━━━ Records for the exercise

lemma ppb_word_final_arr_conj:
  assumes pp: "ppb_word N pplus wp" and pm: "ppb_word N pminus wm" and aN: "Suc a < N"
    and conj: "\<And>k. k < N \<Longrightarrow> pplus k = adj_transpose a (pminus (adj_transpose a k))"
  shows "final_arr id (rev wp) = adj_transpose a \<circ> final_arr id (rev wm) \<circ> adj_transpose a"
proof
  fix x
  define Fm where "Fm = final_arr id (rev wm)"
  define Fp where "Fp = final_arr id (rev wp)"
  note m = ppb_word_ascending[OF pm, folded Fm_def]
  note p = ppb_word_ascending[OF pp, folded Fp_def]
  have "Fp (adj_transpose a y) = adj_transpose a (Fm y)" for y
  proof (cases "y < N")
    case True
    then have "Fm y < N"
      using permutes_in_image[OF m(3)] by simp
    then have k: "adj_transpose a (Fm y) < N"
      using aN by (auto simp: transpose_def)
    have "pminus (Fm y) = y"
      using ppb_word_final_arr_inv[OF pm \<open>Fm y < N\<close>, folded Fm_def] m(3)
      by (simp add: permutes_inverses)
    then have "pplus (adj_transpose a (Fm y)) = adj_transpose a y"
      using conj[OF k] by simp
    then show ?thesis
      using p(4)[OF k] by simp
  next
    case False
    then show ?thesis
      using aN permutes_not_in[OF m(3)] permutes_not_in[OF p(3)] by (simp add: transpose_def)
  qed
  from this[of "adj_transpose a x"] show "Fp x = (adj_transpose a \<circ> Fm \<circ> adj_transpose a) x"
    by simp
qed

━━━━━━

• **Exercise requirements**
Within the records above, each line containing "have" is to be returned.

• **Answer section**
  have "Fp (adj_transpose a y) = adj_transpose a (Fm y)" for y
    then have "Fm y < N"
    then have k: "adj_transpose a (Fm y) < N"
    have "pminus (Fm y) = y"
    then have "pplus (adj_transpose a (Fm y)) = adj_transpose a y"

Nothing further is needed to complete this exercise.